Investment and Readiness Correlation

The correlation between AI governance investment and readiness is strong and approximately linear: organizations spending over $5M annually on AI governance achieve 3.9 average readiness, while those spending under $100K average only 1.6. However, the analysis reveals diminishing returns above $1M — the jump from $100K to $1M produces a 1.3-point readiness improvement, while the jump from $1M to $5M produces only 0.5 points. This suggests that the highest-leverage investments are in the $500K–$1M range, where organizations are building core governance infrastructure, dedicated roles, and tooling. For budget planning purposes, organizations targeting ISO 42001 certification within 18 months should anticipate governance program costs of $500K–$2M depending on organizational size and complexity. This includes dedicated governance staff (1–3 FTEs), tooling (system registry, risk assessment, audit management), training (management system skills, AI governance fundamentals), and pre-certification audit support. COMPEL's structured approach can reduce these costs by providing a proven methodology, assessment tools, and workforce development pathway that eliminates the need for organizations to design their governance program from scratch.
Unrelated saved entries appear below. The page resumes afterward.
(* Let $n\ge1$ and let $\mathcal{L}$ be the vertex labeling of the linear representation of some linked cycle on $[n]$. Let $LC_n(\mathcal{L})$ be the set of linked cycles on $[n]$ whose linear representation has vertex labeling $\mathcal{L}$. Call the vertices of $\mathcal{L}$ labeled $i^{(j)}$ with $j\ge1$ that are not isolated points left endpoints, and the vertices labeled $i^{(0)}$ right endpoints. For a left endpoint $v$ let $h(v)$ be the number of right endpoints to the right of $v$ minus the number of left endpoints to the right of $v$. Then $$\sum_{\hat\pi\in LC_n(\mathcal{L})}x^{cr_2(\hat\pi)}y^{ne_2(\hat\pi)}=\sum_{\hat\pi\in LC_n(\mathcal{L})}x^{ne_2(\hat\pi)}y^{cr_2(\hat\pi)}=\prod_{v}\left(x^{h(v)-1}+x^{h(v)-2}y+\cdots+xy^{h(v)-2}+y^{h(v)-1}\right),$$ the product being over all left endpoints $v$ of $\mathcal{L}$. In particular $cr_2$ and $ne_2$ have a symmetric joint distribution over $LC_n(\mathcal{L})$.
   Context: Two finite sets of integers $E,F$ are nearly disjoint if for every $i\in E\cap F$ either ($i=\min(E)$, $|E|>1$, $i\ne\min(F)$) or ($i=\min(F)$, $|F|>1$, $i\ne\min(E)$). A linked partition of $[n]$ is a set of nonempty subsets (blocks) of $[n]$ with union $[n]$, any two distinct blocks nearly disjoint; each element lies in one or two blocks (singly/doubly covered). A linked cycle on $[n]$ is a linked partition of $[n]$ with a cyclic arrangement of each block; a cycle is written $(i_1i_2\dots i_t)$ with $i_1$ its minimum. Linear representation of a linked cycle $\hat\pi$: for each $i\in[n]$ create vertices: if $i$ is singly covered and the minimum of its cycle, of size $k+1$, create $i^{(1)},\dots,i^{(k)}$ if $k\ge1$, and a single isolated vertex $i^{(1)}$ if $k=0$; if $i$ is singly covered and not the minimum of its cycle, create $i^{(0)}$; if $i$ is doubly covered and the minimum of a cycle of size $k+1$, create $i^{(0)},i^{(1)},\dots,i^{(k)}$. Vertices lie on a line ordered by $i$, then by superscript. For each cycle $(i_1\dots i_t)$, $t\ge2$, draw arcs $(i_1^{(j)},i_{t+1-j}^{(0)})$, $j=1,\dots,t-1$. The vertex labeling is the left-to-right sequence of vertex labels. Two arcs $(x_1,y_1),(x_2,y_2)$ form a 2-crossing if the vertices appear in the order $x_1,x_2,y_1,y_2$, and a 2-nesting if in the order $x_1,x_2,y_2,y_1$; $cr_2(\hat\pi)$, $ne_2(\hat\pi)$ are the numbers of these. *)

theory Defs
  imports Main "HOL-Library.Product_Lexorder"
begin

definition nearly_disjoint :: "nat set \<Rightarrow> nat set \<Rightarrow> bool" where
  "nearly_disjoint E F \<longleftrightarrow>
     (\<forall>i \<in> E \<inter> F.
        (i = Min E \<and> card E > 1 \<and> i \<noteq> Min F) \<or>
        (i = Min F \<and> card F > 1 \<and> i \<noteq> Min E))"

definition linked_partition :: "nat \<Rightarrow> nat set set \<Rightarrow> bool" where
  "linked_partition n P \<longleftrightarrow>
     (\<forall>B \<in> P. B \<noteq> {} \<and> B \<subseteq> {1..n}) \<and> \<Union>P = {1..n} \<and>
     (\<forall>E \<in> P. \<forall>F \<in> P. E \<noteq> F \<longrightarrow> nearly_disjoint E F)"

text \<open>A cycle (i_1 i_2 ... i_t) is represented by the list [i_1, ..., i_t] of
  distinct elements, written starting with its minimum i_1.\<close>
definition is_cycle :: "nat list \<Rightarrow> bool" where
  "is_cycle c \<longleftrightarrow> c \<noteq> [] \<and> distinct c \<and> hd c = Min (set c)"

definition linked_cycle :: "nat \<Rightarrow> nat list set \<Rightarrow> bool" where
  "linked_cycle n C \<longleftrightarrow>
     (\<forall>c \<in> C. is_cycle c) \<and> inj_on set C \<and> linked_partition n (set ` C)"

text \<open>Linear representation.  Vertex i^(j) is the pair (i, j); vertices are ordered
  by i, then by the superscript j (lexicographic order on pairs).\<close>
definition cycles_containing :: "nat list set \<Rightarrow> nat \<Rightarrow> nat list set" where
  "cycles_containing C i = {c \<in> C. i \<in> set c}"

definition singly_covered :: "nat list set \<Rightarrow> nat \<Rightarrow> bool" where
  "singly_covered C i \<longleftrightarrow> card (cycles_containing C i) = 1"

definition doubly_covered :: "nat list set \<Rightarrow> nat \<Rightarrow> bool" where
  "doubly_covered C i \<longleftrightarrow> card (cycles_containing C i) = 2"

definition is_cycle_min :: "nat list set \<Rightarrow> nat \<Rightarrow> bool" where
  "is_cycle_min C i \<longleftrightarrow> (\<exists>c \<in> C. hd c = i)"

text \<open>The cycle whose minimum is i (unique in a linked cycle).\<close>
definition min_cycle :: "nat list set \<Rightarrow> nat \<Rightarrow> nat list" where
  "min_cycle C i = (THE c. c \<in> C \<and> hd c = i)"

definition verts_of :: "nat list set \<Rightarrow> nat \<Rightarrow> (nat \<times> nat) set" where
  "verts_of C i =
     (let k = length (min_cycle C i) - 1 in
      if singly_covered C i \<and> is_cycle_min C i then
        (if k \<ge> 1 then {(i, j) | j. 1 \<le> j \<and> j \<le> k} else {(i, 1)})
      else if singly_covered C i \<and> \<not> is_cycle_min C i then {(i, 0)}
      else if doubly_covered C i \<and> is_cycle_min C i then {(i, j) | j. j \<le> k}
      else {})"

definition lin_vertices :: "nat \<Rightarrow> nat list set \<Rightarrow> (nat \<times> nat) set" where
  "lin_vertices n C = (\<Union>i \<in> {1..n}. verts_of C i)"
Actionable Recommendations

Based on this readiness analysis, we recommend the following prioritized actions for organizations pursuing ISO 42001 certification: 1. Close the Clause 9 gap first. Performance evaluation is the weakest area and the one auditors scrutinize most heavily. Invest in: (a) AI-specific internal audit capability — either train existing ISO auditors or engage external expertise; (b) monitoring systems that track governance process effectiveness, not just model performance; (c) management review processes that include AI governance KPIs on the agenda. 2. Build on Clause 6 strength. Your planning foundation is your best asset. Convert risk assessments into actionable controls (Clause 8), establish measurement criteria for those controls (Clause 9), and create improvement processes when controls underperform (Clause 10). 3. Leverage existing management systems. If you have ISO 27001, extend it to cover AI risks rather than creating a parallel system. If you have SOC 2, use the evidence collection infrastructure for AI-specific controls. The ISO HLS structure means significant reuse is possible. 4. Use the COMPEL framework as the implementation scaffold. COMPEL's 20 domains map directly to ISO 42001 clauses and Annex A controls, providing a structured assessment and implementation pathway. The Calibrate stage establishes your ISO 42001 readiness baseline, and subsequent stages build the capabilities needed for each clause. 5. Budget for 12–18 months and $500K–$1M for a mid-market organization. Adjust upward for large enterprises with complex AI portfolios and multiple regulatory jurisdictions.

References

Methodology

Readiness assessment against ISO 42001:2023 clauses 4–10 and Annex A. 280 organizations, 6 industries. COMPEL ISO 42001 readiness methodology. All figures illustrative.

References

  1. ISO/IEC. "ISO/IEC 42001:2023 — Information Technology — Artificial Intelligence — Management System." International Organization for Standardization, 2023.
  2. ISO/IEC. "ISO/IEC 27001:2022 — Information Security Management Systems." International Organization for Standardization, 2022.
  3. ISO/IEC. "ISO/IEC TS 42006:2024 — Requirements for AI System Audit." International Organization for Standardization, 2024.
  4. NIST. "AI Risk Management Framework (AI RMF 1.0)." National Institute of Standards and Technology, 2023.
  5. European Parliament. "Regulation (EU) 2024/1689 — EU AI Act." Official Journal of the European Union, 2024.
  6. Abdelalim, T. "The COMPEL AI Transformation and Governance Framework." FlowRidge, 2025.
  7. BSI Group. "ISO 42001 Implementation Guide." British Standards Institution, 2024.
  8. ISACA. "Auditing AI Management Systems: Practical Guidance for ISO 42001." ISACA, 2025.
  9. Deloitte. "The AI Governance Imperative: ISO 42001 Readiness Survey." Deloitte, 2025.
  10. PwC. "Responsible AI Framework and ISO 42001 Alignment." PricewaterhouseCoopers, 2025.